RECORDS SUPPLIED -
= = = =

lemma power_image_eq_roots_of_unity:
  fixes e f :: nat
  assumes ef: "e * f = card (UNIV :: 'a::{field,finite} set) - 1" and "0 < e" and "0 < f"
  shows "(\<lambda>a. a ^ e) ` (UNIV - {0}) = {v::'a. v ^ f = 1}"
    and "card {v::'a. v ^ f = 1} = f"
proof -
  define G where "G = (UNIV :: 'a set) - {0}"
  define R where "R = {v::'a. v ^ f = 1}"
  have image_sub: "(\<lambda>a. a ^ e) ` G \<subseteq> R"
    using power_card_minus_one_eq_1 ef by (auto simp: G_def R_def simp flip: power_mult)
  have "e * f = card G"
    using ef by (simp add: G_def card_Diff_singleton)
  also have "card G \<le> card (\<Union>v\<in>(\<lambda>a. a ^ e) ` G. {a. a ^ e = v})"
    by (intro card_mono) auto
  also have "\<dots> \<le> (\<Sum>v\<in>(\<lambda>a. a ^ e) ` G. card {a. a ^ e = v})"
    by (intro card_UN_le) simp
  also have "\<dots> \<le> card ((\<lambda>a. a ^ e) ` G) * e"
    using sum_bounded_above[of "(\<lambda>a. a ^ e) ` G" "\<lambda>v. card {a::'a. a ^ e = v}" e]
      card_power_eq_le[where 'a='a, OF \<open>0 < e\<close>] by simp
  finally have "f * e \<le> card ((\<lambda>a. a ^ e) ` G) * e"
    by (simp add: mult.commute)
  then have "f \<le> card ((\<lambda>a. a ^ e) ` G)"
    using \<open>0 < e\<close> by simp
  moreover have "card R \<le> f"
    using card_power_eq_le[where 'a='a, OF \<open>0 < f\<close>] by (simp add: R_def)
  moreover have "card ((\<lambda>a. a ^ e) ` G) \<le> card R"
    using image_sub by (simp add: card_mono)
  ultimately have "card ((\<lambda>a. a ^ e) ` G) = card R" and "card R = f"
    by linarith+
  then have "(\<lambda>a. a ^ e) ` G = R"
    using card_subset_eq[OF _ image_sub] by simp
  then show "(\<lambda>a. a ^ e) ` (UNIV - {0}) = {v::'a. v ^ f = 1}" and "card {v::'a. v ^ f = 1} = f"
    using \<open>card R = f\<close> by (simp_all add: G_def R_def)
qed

= = = =

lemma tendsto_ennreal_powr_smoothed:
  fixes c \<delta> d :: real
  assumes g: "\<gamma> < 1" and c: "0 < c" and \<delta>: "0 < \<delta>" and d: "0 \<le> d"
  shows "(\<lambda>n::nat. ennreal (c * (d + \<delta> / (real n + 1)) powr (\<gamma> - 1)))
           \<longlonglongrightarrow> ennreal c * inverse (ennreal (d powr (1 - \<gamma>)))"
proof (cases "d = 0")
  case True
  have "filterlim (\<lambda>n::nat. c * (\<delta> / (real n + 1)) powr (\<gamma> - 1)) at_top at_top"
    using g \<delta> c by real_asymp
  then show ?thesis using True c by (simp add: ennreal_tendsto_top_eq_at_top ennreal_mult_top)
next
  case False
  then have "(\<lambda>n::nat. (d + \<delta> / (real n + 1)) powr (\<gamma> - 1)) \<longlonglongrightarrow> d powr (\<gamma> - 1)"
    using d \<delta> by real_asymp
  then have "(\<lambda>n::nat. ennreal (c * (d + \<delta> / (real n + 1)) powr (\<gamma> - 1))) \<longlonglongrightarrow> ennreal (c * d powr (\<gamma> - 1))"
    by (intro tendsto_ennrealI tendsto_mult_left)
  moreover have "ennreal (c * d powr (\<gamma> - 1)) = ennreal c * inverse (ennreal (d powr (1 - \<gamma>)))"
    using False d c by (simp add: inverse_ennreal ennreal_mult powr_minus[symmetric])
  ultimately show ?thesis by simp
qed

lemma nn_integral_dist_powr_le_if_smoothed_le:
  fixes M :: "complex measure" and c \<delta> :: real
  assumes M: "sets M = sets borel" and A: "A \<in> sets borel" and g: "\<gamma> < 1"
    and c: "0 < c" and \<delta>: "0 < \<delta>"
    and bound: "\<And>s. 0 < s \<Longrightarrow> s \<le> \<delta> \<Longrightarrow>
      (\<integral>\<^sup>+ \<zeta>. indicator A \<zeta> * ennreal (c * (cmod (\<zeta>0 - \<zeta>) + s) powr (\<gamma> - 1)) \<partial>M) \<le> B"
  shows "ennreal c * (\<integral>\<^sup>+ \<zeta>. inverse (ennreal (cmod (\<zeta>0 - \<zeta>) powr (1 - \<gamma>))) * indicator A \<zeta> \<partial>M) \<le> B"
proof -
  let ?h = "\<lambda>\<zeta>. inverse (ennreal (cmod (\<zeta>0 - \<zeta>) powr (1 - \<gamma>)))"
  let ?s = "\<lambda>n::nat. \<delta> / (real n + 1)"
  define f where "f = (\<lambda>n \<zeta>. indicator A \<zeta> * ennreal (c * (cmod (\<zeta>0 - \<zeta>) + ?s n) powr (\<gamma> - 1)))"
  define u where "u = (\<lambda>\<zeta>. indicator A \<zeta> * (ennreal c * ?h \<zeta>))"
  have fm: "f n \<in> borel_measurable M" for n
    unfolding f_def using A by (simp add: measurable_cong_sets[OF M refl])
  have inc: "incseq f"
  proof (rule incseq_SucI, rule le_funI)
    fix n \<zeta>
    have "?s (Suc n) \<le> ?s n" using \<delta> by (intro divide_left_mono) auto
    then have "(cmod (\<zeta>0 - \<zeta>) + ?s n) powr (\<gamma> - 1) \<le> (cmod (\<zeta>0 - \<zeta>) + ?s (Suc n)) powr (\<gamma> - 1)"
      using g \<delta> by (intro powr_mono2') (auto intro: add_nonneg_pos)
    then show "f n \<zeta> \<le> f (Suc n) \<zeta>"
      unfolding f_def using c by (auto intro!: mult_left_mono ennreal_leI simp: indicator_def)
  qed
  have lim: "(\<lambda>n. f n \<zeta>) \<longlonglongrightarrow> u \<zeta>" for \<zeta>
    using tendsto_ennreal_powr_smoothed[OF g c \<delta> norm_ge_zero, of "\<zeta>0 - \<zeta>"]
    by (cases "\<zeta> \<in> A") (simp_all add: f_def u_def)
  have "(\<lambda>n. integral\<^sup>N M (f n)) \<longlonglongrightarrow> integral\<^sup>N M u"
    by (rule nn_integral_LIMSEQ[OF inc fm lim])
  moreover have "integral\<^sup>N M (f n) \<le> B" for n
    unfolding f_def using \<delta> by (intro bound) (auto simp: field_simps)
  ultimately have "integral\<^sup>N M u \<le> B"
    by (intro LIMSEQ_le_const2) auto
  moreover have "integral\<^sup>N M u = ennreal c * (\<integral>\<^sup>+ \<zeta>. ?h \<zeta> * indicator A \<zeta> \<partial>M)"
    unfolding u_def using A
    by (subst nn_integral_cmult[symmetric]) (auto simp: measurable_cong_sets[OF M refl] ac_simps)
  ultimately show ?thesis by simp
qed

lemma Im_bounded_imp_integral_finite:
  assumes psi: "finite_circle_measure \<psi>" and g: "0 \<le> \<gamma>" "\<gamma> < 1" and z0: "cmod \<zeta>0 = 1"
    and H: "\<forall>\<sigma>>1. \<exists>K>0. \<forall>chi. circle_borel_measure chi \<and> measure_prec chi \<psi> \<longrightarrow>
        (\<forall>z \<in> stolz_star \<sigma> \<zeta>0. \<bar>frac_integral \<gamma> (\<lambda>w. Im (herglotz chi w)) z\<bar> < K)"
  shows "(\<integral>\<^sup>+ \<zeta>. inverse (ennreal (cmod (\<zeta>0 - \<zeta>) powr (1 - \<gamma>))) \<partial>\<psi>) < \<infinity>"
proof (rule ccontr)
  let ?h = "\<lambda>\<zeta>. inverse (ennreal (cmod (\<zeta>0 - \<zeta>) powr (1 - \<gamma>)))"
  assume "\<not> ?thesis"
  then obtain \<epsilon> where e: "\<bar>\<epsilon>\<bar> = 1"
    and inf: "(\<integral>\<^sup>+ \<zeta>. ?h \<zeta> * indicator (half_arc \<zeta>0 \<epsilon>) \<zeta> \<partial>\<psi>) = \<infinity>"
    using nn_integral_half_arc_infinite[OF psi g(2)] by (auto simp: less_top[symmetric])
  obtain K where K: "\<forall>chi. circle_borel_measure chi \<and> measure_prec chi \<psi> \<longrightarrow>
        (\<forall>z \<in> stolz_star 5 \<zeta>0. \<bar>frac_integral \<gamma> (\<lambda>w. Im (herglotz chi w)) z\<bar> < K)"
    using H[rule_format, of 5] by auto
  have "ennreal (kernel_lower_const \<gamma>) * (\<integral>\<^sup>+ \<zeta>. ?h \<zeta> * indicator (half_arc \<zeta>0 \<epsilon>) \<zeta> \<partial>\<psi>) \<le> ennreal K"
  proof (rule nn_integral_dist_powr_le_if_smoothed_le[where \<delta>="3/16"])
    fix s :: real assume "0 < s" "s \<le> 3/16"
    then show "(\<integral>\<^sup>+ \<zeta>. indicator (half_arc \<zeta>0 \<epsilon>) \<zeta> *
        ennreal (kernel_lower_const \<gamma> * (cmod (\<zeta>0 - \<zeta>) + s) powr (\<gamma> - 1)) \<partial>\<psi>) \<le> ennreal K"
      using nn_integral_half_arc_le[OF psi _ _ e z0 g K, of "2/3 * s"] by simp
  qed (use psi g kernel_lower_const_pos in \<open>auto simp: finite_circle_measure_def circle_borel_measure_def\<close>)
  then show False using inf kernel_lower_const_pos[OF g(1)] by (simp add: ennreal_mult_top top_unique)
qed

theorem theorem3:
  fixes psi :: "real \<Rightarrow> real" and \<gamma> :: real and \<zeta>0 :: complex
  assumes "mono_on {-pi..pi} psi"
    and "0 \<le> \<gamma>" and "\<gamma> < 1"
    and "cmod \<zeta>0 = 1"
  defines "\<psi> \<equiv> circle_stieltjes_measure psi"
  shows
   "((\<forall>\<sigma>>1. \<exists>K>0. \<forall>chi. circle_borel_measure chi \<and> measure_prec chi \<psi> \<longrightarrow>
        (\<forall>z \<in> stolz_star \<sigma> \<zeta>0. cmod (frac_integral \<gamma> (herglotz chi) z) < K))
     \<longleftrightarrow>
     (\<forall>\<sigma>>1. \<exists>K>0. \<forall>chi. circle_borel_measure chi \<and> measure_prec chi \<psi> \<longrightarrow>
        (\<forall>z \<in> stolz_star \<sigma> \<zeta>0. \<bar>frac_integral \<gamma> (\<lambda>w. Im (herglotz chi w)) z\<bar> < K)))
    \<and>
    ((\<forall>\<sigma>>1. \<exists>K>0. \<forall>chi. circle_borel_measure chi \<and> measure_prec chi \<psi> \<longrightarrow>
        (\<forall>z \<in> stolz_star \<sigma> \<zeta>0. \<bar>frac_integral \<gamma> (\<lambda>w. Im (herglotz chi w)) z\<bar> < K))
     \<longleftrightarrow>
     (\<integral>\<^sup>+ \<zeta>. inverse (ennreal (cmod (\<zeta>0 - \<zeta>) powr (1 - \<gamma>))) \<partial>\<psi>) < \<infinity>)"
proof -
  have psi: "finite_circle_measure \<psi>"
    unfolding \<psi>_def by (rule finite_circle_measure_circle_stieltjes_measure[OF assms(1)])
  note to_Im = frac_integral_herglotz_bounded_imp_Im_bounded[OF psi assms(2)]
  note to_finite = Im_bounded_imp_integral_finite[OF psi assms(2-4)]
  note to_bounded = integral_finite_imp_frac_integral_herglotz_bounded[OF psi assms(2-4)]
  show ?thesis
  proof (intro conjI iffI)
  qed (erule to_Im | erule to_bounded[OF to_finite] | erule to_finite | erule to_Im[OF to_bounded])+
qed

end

= = = =

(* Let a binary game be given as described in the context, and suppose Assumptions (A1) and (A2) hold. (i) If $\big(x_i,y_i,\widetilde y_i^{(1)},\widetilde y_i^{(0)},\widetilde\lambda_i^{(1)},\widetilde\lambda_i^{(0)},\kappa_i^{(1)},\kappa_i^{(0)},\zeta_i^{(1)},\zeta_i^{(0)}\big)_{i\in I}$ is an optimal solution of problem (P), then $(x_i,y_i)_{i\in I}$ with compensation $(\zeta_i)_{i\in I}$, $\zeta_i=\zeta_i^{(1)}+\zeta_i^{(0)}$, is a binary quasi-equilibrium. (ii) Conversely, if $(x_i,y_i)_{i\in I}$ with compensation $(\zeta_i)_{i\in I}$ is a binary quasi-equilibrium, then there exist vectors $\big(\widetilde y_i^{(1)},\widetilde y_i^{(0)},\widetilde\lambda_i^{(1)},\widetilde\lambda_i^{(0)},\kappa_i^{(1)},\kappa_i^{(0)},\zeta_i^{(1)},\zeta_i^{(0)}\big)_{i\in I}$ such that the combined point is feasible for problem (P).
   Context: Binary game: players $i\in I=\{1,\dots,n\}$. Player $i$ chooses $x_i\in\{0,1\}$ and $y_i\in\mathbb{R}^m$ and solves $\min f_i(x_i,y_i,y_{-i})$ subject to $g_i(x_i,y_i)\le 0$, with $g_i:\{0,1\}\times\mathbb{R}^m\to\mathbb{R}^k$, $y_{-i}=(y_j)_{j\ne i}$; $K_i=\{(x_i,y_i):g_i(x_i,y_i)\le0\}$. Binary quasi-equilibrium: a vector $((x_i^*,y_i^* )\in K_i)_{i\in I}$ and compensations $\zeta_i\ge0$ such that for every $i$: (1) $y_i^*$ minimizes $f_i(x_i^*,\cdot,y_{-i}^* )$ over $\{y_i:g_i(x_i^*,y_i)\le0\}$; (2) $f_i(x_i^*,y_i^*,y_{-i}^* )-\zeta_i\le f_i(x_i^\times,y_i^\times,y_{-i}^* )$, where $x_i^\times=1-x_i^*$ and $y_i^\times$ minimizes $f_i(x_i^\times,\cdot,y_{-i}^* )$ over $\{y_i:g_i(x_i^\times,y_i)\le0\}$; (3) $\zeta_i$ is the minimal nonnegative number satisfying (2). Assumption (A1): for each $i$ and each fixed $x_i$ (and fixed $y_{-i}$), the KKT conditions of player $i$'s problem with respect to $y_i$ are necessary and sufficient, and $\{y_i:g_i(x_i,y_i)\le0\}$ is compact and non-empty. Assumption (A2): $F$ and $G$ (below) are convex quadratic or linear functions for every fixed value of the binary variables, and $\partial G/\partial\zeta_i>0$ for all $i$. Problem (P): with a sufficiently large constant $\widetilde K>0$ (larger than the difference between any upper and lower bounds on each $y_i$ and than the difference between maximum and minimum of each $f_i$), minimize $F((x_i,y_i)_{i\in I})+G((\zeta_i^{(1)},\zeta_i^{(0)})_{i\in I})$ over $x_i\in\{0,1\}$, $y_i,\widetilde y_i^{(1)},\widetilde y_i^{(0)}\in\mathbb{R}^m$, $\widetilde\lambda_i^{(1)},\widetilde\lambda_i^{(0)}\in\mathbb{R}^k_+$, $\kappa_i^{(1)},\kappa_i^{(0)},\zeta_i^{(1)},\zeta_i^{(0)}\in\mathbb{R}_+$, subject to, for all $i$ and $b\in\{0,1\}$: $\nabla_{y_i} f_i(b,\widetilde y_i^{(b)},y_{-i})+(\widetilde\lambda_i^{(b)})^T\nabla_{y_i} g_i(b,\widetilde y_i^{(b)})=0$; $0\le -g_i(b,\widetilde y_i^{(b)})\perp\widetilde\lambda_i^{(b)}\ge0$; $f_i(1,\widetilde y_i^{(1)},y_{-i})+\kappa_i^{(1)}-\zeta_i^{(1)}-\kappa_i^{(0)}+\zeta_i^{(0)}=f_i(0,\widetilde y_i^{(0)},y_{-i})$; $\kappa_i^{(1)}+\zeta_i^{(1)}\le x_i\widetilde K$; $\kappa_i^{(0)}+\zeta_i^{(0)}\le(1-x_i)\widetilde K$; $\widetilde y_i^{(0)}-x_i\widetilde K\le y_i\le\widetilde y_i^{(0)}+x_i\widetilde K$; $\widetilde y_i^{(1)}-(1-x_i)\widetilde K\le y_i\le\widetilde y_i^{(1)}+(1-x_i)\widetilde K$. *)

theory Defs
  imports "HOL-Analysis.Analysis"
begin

= = = =

TRY IT - Beginning at the line above that contains "(half_arc \<zeta>0 \<epsilon>) \<zeta> *", return each line exactly through the line that contains "qed (use psi", and no others.

TASK RESPONSE -
    then show "(\<integral>\<^sup>+ \<zeta>. indicator (half_arc \<zeta>0 \<epsilon>) \<zeta> *
        ennreal (kernel_lower_const \<gamma> * (cmod (\<zeta>0 - \<zeta>) + s) powr (\<gamma> - 1)) \<partial>\<psi>) \<le> ennreal K"
      using nn_integral_half_arc_le[OF psi _ _ e z0 g K, of "2/3 * s"] by simp
  qed (use psi g kernel_lower_const_pos in \<open>auto simp: finite_circle_measure_def circle_borel_measure_def\<close>)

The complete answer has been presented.